Materials and methods

This study was conducted in strict accordance with the guidelines of the Administration of Affairs Concerning Experimental Animals (Ministry of Science and Technology, China, revised 2004), and all the procedures were approved by the Institutional Animal Care and Use Committee of the Northwest A&F University (protocol number DK2021028).

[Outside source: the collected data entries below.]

lemma holonomy_form_le:
  fixes a b c v :: mpt
  defines "x \<equiv> - mink b c" and "y \<equiv> - mink a c" and "z \<equiv> - mink a b"
  assumes a: "a \<in> hyp3" and b: "b \<in> hyp3" and c: "c \<in> hyp3" and v: "v \<in> tangent a"
  shows "(y\<^sup>2 - 1) * (mink b v)\<^sup>2 - 2 * (y * z - x) * mink b v * mink c v + (z\<^sup>2 - 1) * (mink c v)\<^sup>2
    \<le> tri_gram x y z * mink v v"
proof -
  define b' c' where "b' = tangent_proj a b" and "c' = tangent_proj a c"
  have "mink b' b' = z\<^sup>2 - 1" "mink c' c' = y\<^sup>2 - 1" "mink b' c' = y * z - x"
    using a b c
    by (simp_all add: b'_def c'_def x_def y_def z_def mink_tangent_proj hyp3_mink_self power2_eq_square)
  moreover have "mink v b' = mink b v" "mink c' v = mink c v"
    using v by (simp_all add: b'_def c'_def tangent_proj_def tangent_def
        mink_commute[of v a] mink_commute[of v b])
  moreover have "0 \<le> mink v v * mink b' b' * mink c' c' + 2 * mink v b' * mink b' c' * mink c' v
      - mink v v * (mink b' c')\<^sup>2 - mink b' b' * (mink c' v)\<^sup>2 - mink c' c' * (mink v b')\<^sup>2"
    unfolding b'_def c'_def using a v tangent_proj_tangent by (intro tangent_gram_det_nonneg)
  ultimately have "0 \<le> mink v v * (z\<^sup>2 - 1) * (y\<^sup>2 - 1) + 2 * mink b v * (y * z - x) * mink c v
      - mink v v * (y * z - x)\<^sup>2 - (z\<^sup>2 - 1) * (mink c v)\<^sup>2 - (y\<^sup>2 - 1) * (mink b v)\<^sup>2"
    by simp
  moreover have "tri_gram x y z * mink v v
      - ((y\<^sup>2 - 1) * (mink b v)\<^sup>2 - 2 * (y * z - x) * mink b v * mink c v + (z\<^sup>2 - 1) * (mink c v)\<^sup>2)
    = mink v v * (z\<^sup>2 - 1) * (y\<^sup>2 - 1) + 2 * mink b v * (y * z - x) * mink c v
      - mink v v * (y * z - x)\<^sup>2 - (z\<^sup>2 - 1) * (mink c v)\<^sup>2 - (y\<^sup>2 - 1) * (mink b v)\<^sup>2"
    by (simp add: tri_gram_def power2_eq_square algebra_simps)
  ultimately show ?thesis by linarith
qed

lemma one_minus_cos_le: "1 - cos x \<le> x\<^sup>2 / 2" for x :: real
proof -
  have "\<bar>sin (x / 2)\<bar> \<le> \<bar>x / 2\<bar>" by (rule abs_sin_x_le_abs_x)
  then have "(sin (x / 2))\<^sup>2 \<le> (x / 2)\<^sup>2" by (simp only: abs_le_square_iff)
  then show ?thesis using cos_double_sin[of "x / 2"] by (simp add: power_divide)
qed

lemma ptrans_holonomy_degenerate:
  assumes a: "a \<in> hyp3" and c: "c \<in> hyp3" and v: "v \<in> tangent a"
    and "a = b \<or> b = c \<or> a = c"
  shows "ptrans c b (ptrans a c v) = ptrans a b v"
  using assms(4)
proof (elim disjE)
  assume "a = b"
  then show ?thesis using ptrans_ptrans[OF a c v] v by (simp add: ptrans_self)
next
  assume "b = c"
  then show ?thesis using ptrans_tangent[OF a c] by (simp add: ptrans_self)
next
  assume "a = c"
  then show ?thesis using v by (simp add: ptrans_self)
qed

lemma mink_holonomy_defect:
  fixes a b c v :: mpt
  defines "x \<equiv> - mink b c" and "y \<equiv> - mink a c" and "z \<equiv> - mink a b"
    and "u \<equiv> ptrans a b v" and "w \<equiv> ptrans c b (ptrans a c v)"
  assumes a: "a \<in> hyp3" and b: "b \<in> hyp3" and c: "c \<in> hyp3" and v: "v \<in> tangent a"
  shows "mink (u - w) (u - w) = 2 * ((y\<^sup>2 - 1) * (mink b v)\<^sup>2 - 2 * (y * z - x) * mink b v * mink c v
    + (z\<^sup>2 - 1) * (mink c v)\<^sup>2) / ((1 + x) * (1 + y) * (1 + z))"
proof -
  have "mink u u = mink v v" "mink w w = mink v v"
    using mink_ptrans[OF a b v v] mink_ptrans[OF c b ptrans_tangent[OF a c] ptrans_tangent[OF a c]]
      mink_ptrans[OF a c v v] by (simp_all add: u_def w_def)
  then show ?thesis
    using mink_ptrans_holonomy[OF a b c v]
    by (simp add: u_def w_def x_def y_def z_def mink_commute[of "ptrans c b (ptrans a c v)" "ptrans a b v"]
        diff_divide_distrib)
qed

lemma lnorm_holonomy_le_tri_area:
  assumes a: "a \<in> hyp3" and b: "b \<in> hyp3" and c: "c \<in> hyp3"
    and v: "v \<in> tangent a" and unit: "lnorm v = 1"
  shows "lnorm (ptrans a b v - ptrans c b (ptrans a c v)) \<le> tri_area a b c"
proof (cases "a = b \<or> b = c \<or> a = c")
  case True
  then show ?thesis by (simp add: ptrans_holonomy_degenerate[OF a c v] lnorm_def tri_area_def)
next
  case False
  define x y z where "x = - mink b c" and "y = - mink a c" and "z = - mink a b"
  define P where "P = (1 + x) * (1 + y) * (1 + z)"
  define A where "A = tri_area a b c"
  let ?d = "ptrans a b v - ptrans c b (ptrans a c v)"
  have x: "1 < x" and y: "1 < y" and z: "1 < z"
    using False hyp3_mink_less[OF b c] hyp3_mink_less[OF a c] hyp3_mink_less[OF a b]
    by (auto simp: x_def y_def z_def)
  have D: "0 \<le> tri_gram x y z" unfolding x_def y_def z_def using a b c by (rule tri_gram_nonneg)
  have "mink v v = 1" using unit by (simp add: lnorm_def)
  have "0 < P" using x y z by (simp add: P_def)
  have A: "A = pi - (opposite_angle x y z + opposite_angle y z x + opposite_angle z x y)"
    using tri_area_eq_angle_defect[OF a b c] False by (simp add: A_def x_def y_def z_def)
  have "0 \<le> mink ?d ?d"
    using b ptrans_tangent[OF a b] ptrans_tangent[OF c b] by (intro tangent_mink_nonneg tangent_diff)
  then have "(lnorm ?d)\<^sup>2 = mink ?d ?d" by (simp add: lnorm_def)
  also have "\<dots> \<le> 2 * tri_gram x y z / P"
    using mink_holonomy_defect[OF a b c v] holonomy_form_le[OF a b c v] \<open>mink v v = 1\<close> \<open>0 < P\<close>
    by (simp add: x_def y_def z_def P_def divide_right_mono)
  also have "\<dots> = 2 * (1 - cos A)"
    using cos_angle_defect[OF x y z D] \<open>0 < P\<close> by (simp add: A P_def)
  also have "\<dots> \<le> A\<^sup>2" using one_minus_cos_le[of A] by simp
  finally have "(lnorm ?d)\<^sup>2 \<le> A\<^sup>2" .
  moreover have "0 \<le> A" using opposite_angle_sum_le_pi[OF x y z D] by (simp add: A)
  ultimately show ?thesis unfolding A_def by (rule power2_le_imp_le)
qed

theorem lemma4:
  assumes "a \<in> hyp3" and "b \<in> hyp3" and "c \<in> hyp3"
    and "va \<in> tangent a" and "lnorm va = 1"
    and "vb \<in> tangent b" and "lnorm vb = 1"
  shows "lnorm (ptrans a b va - vb)
           \<le> tri_area a b c + lnorm (ptrans a c va - ptrans b c vb)"
proof -
  let ?u = "ptrans a b va" and ?w = "ptrans c b (ptrans a c va)"
  have "?u \<in> tangent b" "?w \<in> tangent b" using assms(1-3) by (simp_all add: ptrans_tangent)
  then have "lnorm (?u - vb) \<le> lnorm (?u - ?w) + lnorm (?w - vb)"
    using lnorm_triangle[OF assms(2), of "?u - ?w" "?w - vb"] assms(6) by (simp add: tangent_diff)
  moreover have "lnorm (?u - ?w) \<le> tri_area a b c"
    using assms(1-5) by (rule lnorm_holonomy_le_tri_area)
  moreover have "?w - vb = ptrans c b (ptrans a c va - ptrans b c vb)"
    using ptrans_ptrans[OF assms(2,3,6)] by (simp add: ptrans_diff)
  then have "lnorm (?w - vb) = lnorm (ptrans a c va - ptrans b c vb)"
    using assms by (simp add: lnorm_def mink_ptrans ptrans_tangent tangent_diff)
  ultimately show ?thesis by linarith
qed

end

Animals, diets, and experimental design

Forty-six healthy multiparous Chinese Holstein dairy cows with similar parity (2.5 ± 0.51), body weight (863 ± 73 kg), body condition score (3.4 ± 0.10), due date, and previous milk yields (10,603 ± 2,533 kg) were selected from a large cohort of 5,000 cows from the First Ranch in Wei County (Xingtai City, Hebei Province, China) at the time when they arrived at the transition barn (about 22 d before calving). Cows were assigned into 2 groups using a completely randomized block design: (1) control group (CON, basal diet; n = 23) and (2) supplemented with 20 g/d BA product (BAS; n = 23). The BA product was a mixture consisting of chenodeoxycholic acid (18.6%) and hyodeoxycholic acid and hyocholic acid (combined 78.2%), which was the same as that used in previous studies [ref. 30, ref. 31]. The dosage of BAs was determined following the manufacturer’s recommendation and a previous study in mid-lactation dairy cows [ref. 32]. Before every morning feeding, the 20-g BA product was mixed well with approximate 500 mL purified water and then administered into the esophagus through a homemade tube. The homemade tube was mainly connected by a hose between the funnel and a plastic hard tube with about 50 cm long and 5 cm in diameter. To ensure completely consumption of the BAs supplemented, the tube was rinsed again with another 300 mL purified water. Throughout the experimental period, cows were housed in a free-stall barn and had free access to water. A total mixed ration (TMR) was provided daily at 07:00 and 13:00 h in both prepartum and postpartum (Table S1). After calving, cows were milked four times daily at 02:00, 07:00, 13:00, and 21:00 h. The BA supplementation was started at 21 d before calving and stopped at 21 d after calving, and cows were observed until 60 d after calving.

TMR and fecal sample collection and analysis

During the experiment, fresh and refused TMR samples were collected once a week and stored at −20 °C. At the end of the experiment, all the TMR samples were well mixed and subsampled, and then dried in an oven at 65 °C for 72 h and crushed using a grinder (FW100, Tianjin Taist Instrument Co., Ltd., Tianjin, China). The dietary nutrient composition such as dry matter (DM; method 930.15), crude protein (CP; method 976.05), ether extract (EE; method 920.39), Ash (method 955.03), calcium (Ca; method 985.35), and phosphorus (P; method 986.24) contents were analyzed according to the Association of Official Analytical Chemists International [ref. 33]. The neutral detergent fiber (NDF) and acid detergent fiber (ADF) contents were measured with heat-stable amylase and sodium sulfite using a fiber analyzer (A200i, ANKOM, NY, USA) according to previous methods [ref. 33, ref. 34]. The dietary starch content was measured with polarimetry using a previous method [ref. 34].

Fecal samples were collected from the rectum of cows using a sterile swab (FS916, Swwip, Shenzhen Cleanmo Technology Co., Ltd., Shenzhen, China) before morning feeding on d 21 after calving and were immediately stored in liquid nitrogen for omics analysis.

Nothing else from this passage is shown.